We did a bee removal from a 1896 historic home in Palo Alto last Saturday. It wasn’t actually on the main home but a cottage in the back. A swarm moved in about a week ago and made home in the wall entering through some holes on the redwood siding.
We carefully removed the redwood siding without cracking any boards as some of them aren’t standard sizes anymore, and we did minimal cutting to ensure it can be restored to it’s original condition.
Here is our first look at the newly formed colony. They built a few comb sections.
And here’s our queen.
We left the box there to make sure we get all the bees and picked up the colony at night.
Thanks Barbara for having us save our local honeybees!
Jeremy, a Los Altos beekeeper who had a hive for over a decade, seeks to replace the bees that didn’t survive this last Winter with new feral bees. His original hive was a swarm that moved into his empty boxes while it was set up outside waiting for his package bees to arrive. While his package bees didn’t last too long these feral bees lasted him 15 years! Of course it wasn’t the original queen but through swarming and getting new queens from them, keeping similar genetics, they thrived for years. Now he’s keen to start over with yet again feral colonies. So the other night Jeremy swung by and picked up a young established swarm that has brood, honey, pollen, and all.
Thanks for adopting our local bees. Hope these bees will treat you as your first colony did!
Sunday we relocated two colonies in Mountain View. The swarms moved in about 1.5 weeks ago and both built their homes in the attic space about 10 feet away from each other. They were probably new queens from the same colony and upon meeting each other they fought and both left the hive.
Below we expose the first hive start removing the sheetrock and pushing back the insulation.
Here’s my dad vacuuming the bees using our beevac.
About 1.5 weeks only and they have already built a lot of comb. Look at the fresh white wax.
Here’s queen number 1. She’s laying but might be infertile. I see female cells with brood but the capped ones are really domed, meaning most likely she’s laying infertile eggs.
Just to the right of the first hive is the second. A little smaller than the first but still a good size.
The queen ran up the hole where the vent pipe goes to the roof. I saw her once and tried to grab her by hand but failed. Second time I saw her walk out I decided to vacuum her. I wasn’t sure I got her but signs from the other bees gave me clues. We found her when we go home. Like the first colony, this one also had more domed female brood. Bad news! Both I’m pretty sure are have bad queens.
Thanks Melanine and Mark for having us save our local honeybees!
At the end of April we transferred a colony of bees from a wine barrel into a hive box and made a new beekeeper in the process. Friday afternoon I met up with Rob of Sunnyvale to give him a beekeeping 101 lesson while inspecting his hive.
The bees have not occupied 80% of the first medium box so we added a second on top. There are a ton of brood in the hive and soon the population will be more than doubled or even more.
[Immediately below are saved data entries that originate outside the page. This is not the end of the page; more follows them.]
(* With $w=\sqrt{(u+1)^2-4}$, $$\sum_{n\ge0}\Bigl(\sum_{\sigma\in\mathfrak S_n}u^{{\rm lrda}(\sigma)}\beta^{{\rm RLmin}(\sigma)}\Bigr)\frac{t^n}{n!}=e^{\frac{\beta(u-1)}{2}t}\left(\frac{w}{w\cosh\bigl(\frac{wt}{2}\bigr)-(1+u)\sinh\bigl(\frac{wt}{2}\bigr)}\right)^{\beta}.$$
   Context: For $\sigma=\sigma_1\cdots\sigma_n\in\mathfrak S_n$ ($\mathfrak S_0$ = empty permutation): ${\rm lrda}(\sigma)$ is the number of $i$ with $1\le i\le n$ and $\sigma_{i-1}<\sigma_i<\sigma_{i+1}$ (conventions $\sigma_0=0$, $\sigma_{n+1}=+\infty$); ${\rm RLmin}(\sigma)$ is the number of $i$ with $\sigma_j>\sigma_i$ for all $j>i$. Identity of formal power series in $t$; the bracketed base has constant term $1$ and only even powers of $w$ occur; $G^c:=\exp(c\log G)$. *)

theory Defs
  imports Complex_Main "HOL-Computational_Algebra.Formal_Power_Series" "HOL-Combinatorics.Permutations"
begin

(* lrda: number of i in 1..n with sigma(i-1) < sigma(i) < sigma(i+1),
   with conventions sigma(0) = 0 and sigma(n+1) = +infinity *)
definition lrda :: "nat \<Rightarrow> (nat \<Rightarrow> nat) \<Rightarrow> nat" where
  "lrda n \<sigma> = card {i \<in> {1..n}.
      (if i = 1 then 0 else \<sigma> (i - 1)) < \<sigma> i \<and> (i = n \<or> \<sigma> i < \<sigma> (i + 1))}"

definition RLmin :: "nat \<Rightarrow> (nat \<Rightarrow> nat) \<Rightarrow> nat" where
  "RLmin n \<sigma> = card {i \<in> {1..n}. \<forall>j \<in> {i+1..n}. \<sigma> j > \<sigma> i}"

definition lhs_egf :: "complex \<Rightarrow> complex \<Rightarrow> complex fps" where
  "lhs_egf u \<beta> = Abs_fps (\<lambda>n.
      (\<Sum>\<sigma> \<in> {\<sigma>. \<sigma> permutes {1..n}}. u ^ lrda n \<sigma> * \<beta> ^ RLmin n \<sigma>) / of_nat (fact n))"

(* cosh(w t/2) = sum_k w^(2k) t^(2k) / (2^(2k) (2k)!) *)
definition cosh_half :: "complex \<Rightarrow> complex fps" where
  "cosh_half w = Abs_fps (\<lambda>n. if even n then w ^ n / (2 ^ n * of_nat (fact n)) else 0)"

(* sinh(w t/2) / w = sum_k w^(2k) t^(2k+1) / (2^(2k+1) (2k+1)!)  (even in w) *)
definition sinh_half_over :: "complex \<Rightarrow> complex fps" where
  "sinh_half_over w = Abs_fps (\<lambda>n. if odd n then w ^ (n - 1) / (2 ^ n * of_nat (fact n)) else 0)"

(* G^c := exp(c log G), for G with constant term 1 *)
definition fps_powc :: "complex fps \<Rightarrow> complex \<Rightarrow> complex fps" where
  "fps_powc G c = fps_exp 1 oo (fps_const c * (fps_ln 1 oo (G - 1)))"

end

theory Submission
  imports Defs "HOL-Combinatorics.Multiset_Permutations"
begin

unbundle fps_syntax

(*
  Cut a permutation at its least letter, \<sigma> = \<alpha> m \<gamma>. The letters of \<alpha> are never right-to-left
  minima, m is one, and m is a double ascent exactly when \<alpha> is empty. Writing A for the
  generating function of the theorem and B for the one in which right-to-left minima are not
  weighted and the last letter is never a double ascent, this gives
    A' = \<beta> (B + u - 1) A,      B' = B\<^sup>2 + (u - 1) (B - 1).
  The Riccati equation for B is linearised by B = -D'/D - (u - 1)/2, where
  D = cosh(wt/2) - (1 + u) sinh(wt/2)/w solves D'' = (w/2)\<^sup>2 D; then A and
  e^{\<beta>(u-1)t/2} D^{-\<beta>} solve the same linear equation with the same constant term.
*)

section \<open>Statistics of words\<close>

text \<open>\<open>dasc p r xs\<close> counts the double ascents of \<open>xs\<close> when \<open>xs\<close> is preceded by the letter
  \<open>p\<close> and followed by \<open>+\<infinity>\<close> if \<open>r\<close>, by a letter smaller than all of \<open>xs\<close> otherwise.\<close>

primrec dasc :: "nat \<Rightarrow> bool \<Rightarrow> nat list \<Rightarrow> nat" where
  "dasc p r [] = 0"
| "dasc p r (x # xs) =
     (if p < x \<and> (case xs of [] \<Rightarrow> r | y # _ \<Rightarrow> x < y) then 1 else 0) + dasc x r xs"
Rob very happy with his first bee hive!
Well, here we are again. This is the third swarm that moved into this electric meter box in Los Altos. The homeowners call me when they see bee activity and I go and rescue them. :) But this time they called a few weeks late so it was a cutout instead of a swarm removal. The bees already built a good amount of comb as you can see from the picture below.
We didn’t catch the queen until the very end. Had to spray a little bee-quik to get the bees running around before I could find her. I was worried that the queen might have gone up the wall as there’s a good sized hole running up the wall for the electric wires.
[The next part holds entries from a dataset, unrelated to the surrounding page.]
(* Let $\sigma=(a_1,\ldots,a_s)$ be a partition of $r$ with $a_1\ge a_2\ge\cdots\ge a_s\ge1$ and let $H=H(n,r,q\mid\sigma)$ have classes $V_1,\ldots,V_n$. Let $B\subseteq V(H)$, let $B_i=B\cap V_i$ and $b_i=|B_i|$, where the classes are labelled so that $b_1\ge b_2\ge\cdots\ge b_n$. Let $E^*$ be an edge of $H$ such that for each $1\le i\le s$ the set $A_i=E^*\cap V_i$ has $|A_i|=a_i$, with $A_i\subseteq B_i$ when $a_i<b_i$ and $B_i\subseteq A_i$ when $a_i\ge b_i$. Then \[|E^*\cap B|=\max\{|E\cap B| : E\in E(H)\}.\]
   Context: A $\sigma$-hypergraph $H=H(n,r,q\mid\sigma)$, for a partition $\sigma=(a_1,\ldots,a_s)$ of $r$, is the $r$-uniform hypergraph whose vertex set is the disjoint union of $n$ classes $V_1,\ldots,V_n$, each of size $q$; an $r$-subset $K$ of vertices is an edge iff the multiset of non-zero values $|K\cap V_i|$ ($1\le i\le n$) equals $\sigma$. $E(H)$ denotes the edge set. *)

theory Defs
  imports Main "HOL-Library.Multiset"
begin

text \<open>Vertices of H(n,r,q|sigma) are pairs (i,j) with class index i in {1..n}
  and position j in {1..q}; class V_i is cls q i.\<close>

definition cls :: "nat \<Rightarrow> nat \<Rightarrow> (nat \<times> nat) set" where
  "cls q i = {i} \<times> {1..q}"

definition verts :: "nat \<Rightarrow> nat \<Rightarrow> (nat \<times> nat) set" where
  "verts n q = (\<Union>i\<in>{1..n}. cls q i)"

definition is_partition :: "nat \<Rightarrow> nat list \<Rightarrow> bool" where
  "is_partition r \<sigma> \<longleftrightarrow> sum_list \<sigma> = r \<and> (\<forall>a\<in>set \<sigma>. 1 \<le> a)"

definition sigma_edges :: "nat \<Rightarrow> nat \<Rightarrow> nat \<Rightarrow> nat list \<Rightarrow> (nat \<times> nat) set set" where
  "sigma_edges n r q \<sigma> = {K. K \<subseteq> verts n q \<and> card K = r \<and>
     filter_mset (\<lambda>x. x \<noteq> 0) (image_mset (\<lambda>i. card (K \<inter> cls q i)) (mset_set {1..n}))
       = mset \<sigma>}"

end

theory Submission
  imports Defs
begin

text \<open>Write \<open>b j = |B \<inter> V\<^sub>j|\<close> and \<open>c j = |E \<inter> V\<^sub>j|\<close>. Then \<open>|E \<inter> B| \<le> \<Sum>\<^sub>j min (c j) (b j)\<close>,
  with equality for \<open>E\<^sup>*\<close> since each of its class slices is nested with the corresponding
  slice of \<open>B\<close>. Slicing \<open>min\<close> into levels, the right-hand side is
  \<open>\<Sum>\<^sub>t |{j. t \<le> c j} \<inter> {j. t \<le> b j}|\<close>. For \<open>t \<ge> 1\<close> every edge has \<open>|{j. t \<le> c j}| = |{i. t \<le> a\<^sub>i}|\<close>;
  for \<open>E\<^sup>*\<close> the profile is the sorted partition itself, so its level sets are initial
  segments, as are those of the sorted profile \<open>b\<close>. Two initial segments are nested, so each
  level term is as large as the cardinalities allow.\<close>

lemma card_superlevel_eq_size_parts:
  assumes "filter_mset (\<lambda>x. x \<noteq> 0) (image_mset c (mset_set {1..(n::nat)})) = mset \<sigma>"
    and "1 \<le> (t::nat)"
  shows "card {j\<in>{1..n}. t \<le> c j} = size (filter_mset ((\<le>) t) (mset \<sigma>))"
proof -
  have "filter_mset ((\<le>) t) (mset \<sigma>) = filter_mset ((\<le>) t) (image_mset c (mset_set {1..n}))"
    unfolding assms(1)[symmetric] filter_filter_mset
    by (rule filter_mset_cong) (use assms(2) in auto)
  also have "\<dots> = image_mset c (mset_set {j\<in>{1..n}. t \<le> c j})"
    by (simp add: filter_mset_image_mset)
  finally show ?thesis by simp
qed

lemma profile_vanishes_beyond_parts:
  fixes c :: "nat \<Rightarrow> nat" and \<sigma> :: "nat list"
  assumes profile: "filter_mset (\<lambda>x. x \<noteq> 0) (image_mset c (mset_set {1..n})) = mset \<sigma>"
    and pos: "\<forall>a\<in>set \<sigma>. 1 \<le> a"
    and init: "\<forall>j\<in>{1..length \<sigma>}. c j = \<sigma> ! (j - 1)"
    and "length \<sigma> < j" "j \<le> n"
  shows "c j = 0"
proof -
  have "filter_mset ((\<le>) 1) (mset \<sigma>) = mset \<sigma>"
    using pos by (simp add: filter_mset_eq_conv)
  then have support: "card {j\<in>{1..n}. 1 \<le> c j} = length \<sigma>"
    using card_superlevel_eq_size_parts[OF profile, of 1] by simp
  moreover have "card {j\<in>{1..n}. 1 \<le> c j} \<le> card {1..n}"
    by (rule card_mono) auto
  ultimately have "length \<sigma> \<le> n"
    by simp
  then have "{1..length \<sigma>} \<subseteq> {j\<in>{1..n}. 1 \<le> c j}"
    using init pos by (auto simp: Suc_le_eq)
  then have support_eq: "{1..length \<sigma>} = {j\<in>{1..n}. 1 \<le> c j}"
    by (intro card_subset_eq) (use support in auto)
  have "j \<notin> {j\<in>{1..n}. 1 \<le> c j}"
    using assms(4) unfolding support_eq[symmetric] by simp
  then show ?thesis
    using assms(4,5) by simp
qed

lemma antimono_on_sorted_profile:
  fixes c :: "nat \<Rightarrow> nat" and \<sigma> :: "nat list"
  assumes sorted: "\<forall>i j. i \<le> j \<longrightarrow> j < length \<sigma> \<longrightarrow> \<sigma> ! j \<le> \<sigma> ! i"
    and init: "\<forall>j\<in>{1..length \<sigma>}. c j = \<sigma> ! (j - 1)"
    and vanish: "\<And>j. length \<sigma> < j \<Longrightarrow> j \<le> n \<Longrightarrow> c j = 0"
  shows "antimono_on {1..n} c"
proof (rule monotone_onI)
  fix i j assume "i \<in> {1..n}" "j \<in> {1..n}" "i \<le> j"
  then show "c j \<le> c i"
    using init sorted vanish[of j] by (cases "j \<le> length \<sigma>") auto
qed

lemma sum_min_eq_sum_card_levels:
  assumes "finite J" and "\<And>j. j \<in> J \<Longrightarrow> f j \<le> (q::nat)"
  shows "(\<Sum>j\<in>J. min (f j) (g j)) = (\<Sum>t\<in>{1..q}. card {j\<in>J. t \<le> f j \<and> t \<le> g j})"
proof -
  have "min (f j) (g j) = (\<Sum>t\<in>{1..q}. of_bool (t \<le> f j \<and> t \<le> g j))" if "j \<in> J" for j
  proof -
    have "{1..q} \<inter> {t. t \<le> f j \<and> t \<le> g j} = {1..min (f j) (g j)}"
      using assms(2)[OF that] by auto
    then show ?thesis by simp
  qed
  then have "(\<Sum>j\<in>J. min (f j) (g j)) = (\<Sum>j\<in>J. \<Sum>t\<in>{1..q}. of_bool (t \<le> f j \<and> t \<le> g j))"
    by simp
  also have "\<dots> = (\<Sum>t\<in>{1..q}. \<Sum>j\<in>J. of_bool (t \<le> f j \<and> t \<le> g j))"
    by (rule sum.swap)
  also have "\<dots> = (\<Sum>t\<in>{1..q}. card {j\<in>J. t \<le> f j \<and> t \<le> g j})"
    using assms(1) by (simp add: Int_def)
  finally show ?thesis .
qed

lemma antimono_on_superlevels_nested:
  fixes d b :: "nat \<Rightarrow> 'a::linorder"
  assumes "antimono_on J d" and "antimono_on J b"
  shows "{j\<in>J. t \<le> d j} \<subseteq> {j\<in>J. t \<le> b j} \<or> {j\<in>J. t \<le> b j} \<subseteq> {j\<in>J. t \<le> d j}"
proof (rule ccontr)
  assume "\<not> ?thesis"
  then obtain x y where "x \<in> J" "y \<in> J" "t \<le> d x" "\<not> t \<le> b x" "t \<le> b y" "\<not> t \<le> d y"
    by auto
  then show False
    using assms nat_le_linear[of x y] by (metis monotone_onD order_trans)
qed

lemma card_Int_eq_min_if_nested:
  assumes "finite X" "finite Y" "X \<subseteq> Y \<or> Y \<subseteq> X"
  shows "card (X \<inter> Y) = min (card X) (card Y)"
  using assms by (auto simp: Int_absorb1 Int_absorb2 min_def dest: card_mono)

lemma sum_min_le_sum_min_antimono:
  fixes b c d :: "nat \<Rightarrow> nat"
  assumes J: "finite J"
    and levels: "\<And>t. 1 \<le> t \<Longrightarrow> card {j\<in>J. t \<le> c j} = card {j\<in>J. t \<le> d j}"
    and anti_d: "antimono_on J d" and anti_b: "antimono_on J b"
    and c_le: "\<And>j. j \<in> J \<Longrightarrow> c j \<le> q" and d_le: "\<And>j. j \<in> J \<Longrightarrow> d j \<le> q"
  shows "(\<Sum>j\<in>J. min (c j) (b j)) \<le> (\<Sum>j\<in>J. min (d j) (b j))"
proof -
  have "card {j\<in>J. t \<le> c j \<and> t \<le> b j} \<le> card {j\<in>J. t \<le> d j \<and> t \<le> b j}"
    if "t \<in> {1..q}" for t
  proof -
    let ?C = "{j\<in>J. t \<le> c j}" and ?D = "{j\<in>J. t \<le> d j}" and ?B = "{j\<in>J. t \<le> b j}"
    have "card {j\<in>J. t \<le> c j \<and> t \<le> b j} \<le> min (card ?C) (card ?B)"
      using J by (intro min.boundedI card_mono) auto
    also have "\<dots> = min (card ?D) (card ?B)"
      using levels that by simp
    also have "\<dots> = card (?D \<inter> ?B)"
      using antimono_on_superlevels_nested[OF anti_d anti_b, of t] J
      by (simp add: card_Int_eq_min_if_nested)
    also have "?D \<inter> ?B = {j\<in>J. t \<le> d j \<and> t \<le> b j}"
      by auto
    finally show ?thesis .
  qed
  then have "(\<Sum>t\<in>{1..q}. card {j\<in>J. t \<le> c j \<and> t \<le> b j})
      \<le> (\<Sum>t\<in>{1..q}. card {j\<in>J. t \<le> d j \<and> t \<le> b j})"
    by (rule sum_mono)
  then show ?thesis
    using sum_min_eq_sum_card_levels[OF J c_le, where g = b]
      sum_min_eq_sum_card_levels[OF J d_le, where g = b]
    by simp
qed

lemma finite_cls: "finite (cls q i)"
  and card_cls: "card (cls q i) = q"
  by (auto simp: cls_def card_cartesian_product)

lemma card_Int_cls_le: "card (K \<inter> cls q i) \<le> q"
  by (metis card_cls card_mono finite_cls inf_le2)

lemma finite_sigma_edges: "finite (sigma_edges n r q \<sigma>)"
  by (rule finite_subset[of _ "Pow (verts n q)"])
    (auto simp: sigma_edges_def verts_def finite_cls)

lemma sigma_edges_profile:
  assumes "E \<in> sigma_edges n r q \<sigma>"
  shows "filter_mset (\<lambda>x. x \<noteq> 0) (image_mset (\<lambda>j. card (E \<inter> cls q j)) (mset_set {1..n}))
    = mset \<sigma>"
  using assms unfolding sigma_edges_def by blast

lemma card_Int_eq_sum_cls:
  assumes "K \<subseteq> verts n q"
  shows "card (K \<inter> B) = (\<Sum>j\<in>{1..n}. card (K \<inter> cls q j \<inter> (B \<inter> cls q j)))"
proof -
  have "K \<inter> B = (\<Union>j\<in>{1..n}. K \<inter> cls q j \<inter> (B \<inter> cls q j))"
    using assms by (auto simp: verts_def)
  also have "card \<dots> = (\<Sum>j\<in>{1..n}. card (K \<inter> cls q j \<inter> (B \<inter> cls q j)))"
    by (rule card_UN_disjoint) (auto simp: finite_cls cls_def)
  finally show ?thesis .
qed

lemma card_Int_le_sum_min_cls:
  assumes "K \<subseteq> verts n q"
  shows "card (K \<inter> B) \<le> (\<Sum>j\<in>{1..n}. min (card (K \<inter> cls q j)) (card (B \<inter> cls q j)))"
proof -
  have "card (K \<inter> B) = (\<Sum>j\<in>{1..n}. card (K \<inter> cls q j \<inter> (B \<inter> cls q j)))"
    by (rule card_Int_eq_sum_cls[OF assms])
  also have "\<dots> \<le> (\<Sum>j\<in>{1..n}. min (card (K \<inter> cls q j)) (card (B \<inter> cls q j)))"
    by (intro sum_mono min.boundedI card_mono) (auto simp: finite_cls)
  finally show ?thesis .
qed

lemma card_Int_eq_sum_min_cls:
  assumes "K \<subseteq> verts n q"
    and "\<forall>j\<in>{1..n}. K \<inter> cls q j \<subseteq> B \<inter> cls q j \<or> B \<inter> cls q j \<subseteq> K \<inter> cls q j"
  shows "card (K \<inter> B) = (\<Sum>j\<in>{1..n}. min (card (K \<inter> cls q j)) (card (B \<inter> cls q j)))"
proof -
  have "card (K \<inter> B) = (\<Sum>j\<in>{1..n}. card (K \<inter> cls q j \<inter> (B \<inter> cls q j)))"
    by (rule card_Int_eq_sum_cls[OF assms(1)])
  also have "\<dots> = (\<Sum>j\<in>{1..n}. min (card (K \<inter> cls q j)) (card (B \<inter> cls q j)))"
    using assms(2) by (intro sum.cong refl card_Int_eq_min_if_nested) (auto simp: finite_cls)
  finally show ?thesis .
qed

lemma sigma_edge_card_Int_le:
  assumes E: "E \<in> sigma_edges n r q \<sigma>" and E': "E' \<in> sigma_edges n r q \<sigma>"
    and anti_E': "antimono_on {1..n} (\<lambda>j. card (E' \<inter> cls q j))"
    and anti_B: "antimono_on {1..n} (\<lambda>j. card (B \<inter> cls q j))"
  shows "card (E \<inter> B) \<le> (\<Sum>j\<in>{1..n}. min (card (E' \<inter> cls q j)) (card (B \<inter> cls q j)))"
proof -
  have "card (E \<inter> B) \<le> (\<Sum>j\<in>{1..n}. min (card (E \<inter> cls q j)) (card (B \<inter> cls q j)))"
    using E by (intro card_Int_le_sum_min_cls) (simp add: sigma_edges_def)
  also have "\<dots> \<le> (\<Sum>j\<in>{1..n}. min (card (E' \<inter> cls q j)) (card (B \<inter> cls q j)))"
  proof (rule sum_min_le_sum_min_antimono[OF _ _ anti_E' anti_B card_Int_cls_le card_Int_cls_le])
    fix t :: nat assume "1 \<le> t"
    then show "card {j\<in>{1..n}. t \<le> card (E \<inter> cls q j)} = card {j\<in>{1..n}. t \<le> card (E' \<inter> cls q j)}"
      using card_superlevel_eq_size_parts[OF sigma_edges_profile[OF E]]
        card_superlevel_eq_size_parts[OF sigma_edges_profile[OF E']] by simp
  qed simp
  finally show ?thesis .
qed

theorem lemma2p4:
  fixes n r q :: nat and \<sigma> :: "nat list" and B Estar :: "(nat \<times> nat) set"
  assumes part: "is_partition r \<sigma>"
    and sorted_parts: "\<forall>i j. i \<le> j \<longrightarrow> j < length \<sigma> \<longrightarrow> \<sigma> ! j \<le> \<sigma> ! i"
    and B_sub: "B \<subseteq> verts n q"
    and b_sorted: "\<forall>i j. 1 \<le> i \<longrightarrow> i \<le> j \<longrightarrow> j \<le> n \<longrightarrow>
                      card (B \<inter> cls q j) \<le> card (B \<inter> cls q i)"
    and edge: "Estar \<in> sigma_edges n r q \<sigma>"
    and A_prop: "\<forall>i\<in>{1..length \<sigma>}.
        card (Estar \<inter> cls q i) = \<sigma> ! (i - 1) \<and>
        (\<sigma> ! (i - 1) < card (B \<inter> cls q i) \<longrightarrow> Estar \<inter> cls q i \<subseteq> B \<inter> cls q i) \<and>
        (card (B \<inter> cls q i) \<le> \<sigma> ! (i - 1) \<longrightarrow> B \<inter> cls q i \<subseteq> Estar \<inter> cls q i)"
  shows "card (Estar \<inter> B) = Max ((\<lambda>E. card (E \<inter> B)) ` sigma_edges n r q \<sigma>)"
proof -
  let ?c = "\<lambda>j. card (Estar \<inter> cls q j)"
  have Estar_sub: "Estar \<subseteq> verts n q"
    using edge by (simp add: sigma_edges_def)
  have vanish: "?c j = 0" if "length \<sigma> < j" "j \<le> n" for j
    using profile_vanishes_beyond_parts[OF sigma_edges_profile[OF edge] _ _ that] part A_prop
    by (simp add: is_partition_def)
  have anti_Estar: "antimono_on {1..n} ?c"
    using A_prop by (intro antimono_on_sorted_profile[OF sorted_parts _ vanish]) simp
  have anti_B: "antimono_on {1..n} (\<lambda>j. card (B \<inter> cls q j))"
    using b_sorted by (intro monotone_onI) auto
  have "Estar \<inter> cls q j \<subseteq> B \<inter> cls q j \<or> B \<inter> cls q j \<subseteq> Estar \<inter> cls q j"
    if "j \<in> {1..n}" for j
    using A_prop vanish[of j] that
    by (cases "j \<le> length \<sigma>") (auto simp: not_le not_less finite_cls)
  then have "card (Estar \<inter> B) = (\<Sum>j\<in>{1..n}. min (?c j) (card (B \<inter> cls q j)))"
    by (intro card_Int_eq_sum_min_cls[OF Estar_sub] ballI)
  then have "card (E \<inter> B) \<le> card (Estar \<inter> B)" if "E \<in> sigma_edges n r q \<sigma>" for E
    using sigma_edge_card_Int_le[OF that edge anti_Estar anti_B] by simp
  then show ?thesis
    using finite_sigma_edges edge by (intro Max_eqI[symmetric]) auto
qed

end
Good thing she didn’t run up. Find her running around with the rest of the bees after I sprayed some bee-quik.
Sunday Sandra and her family came down to adopt a bee colony for their new Mann Lake Top Bar Hive. Sandra and her 10 year old daughter Mabel will be teaming up to start their new beekeeping ventures, and top bar hives (TBH) are great as there’s no heavy lifting of 40 pound boxes. We transferred frames from a colony in a Langstroth box into the TBH.
Two observation windows were added to the Mann Lake Top Bar Hive.
It was Mabel’s idea to make the observation windows the same shape as the honey comb cells. :)
Looks like Mabel and her family will be peeking in once a while to see how the progress is with the colony.
Sandra and Mabel with their new hive!
Last Tuesday I stopped by to check out some bees in a compost bin in Los Altos. The swarm moved in about a week ago and looking through the hole they appear to have built like three to four combs on the lid. We went on Mother’s Day Sunday to transfer them into a hive box. After setting up we peeked under the lid and found this…
The heat wave didn’t even come through yet but the combs melted off the top of the compost bin lid falling onto the compost below. This wasn’t the first time we have seen this. It’s very common especially compost bins are made black in color and to heat up to speed up the decomposing.
Good thing there weren’t much honey in the combs and didn’t smash the queen.
Thanks Peggy for calling us to save our local honeybees!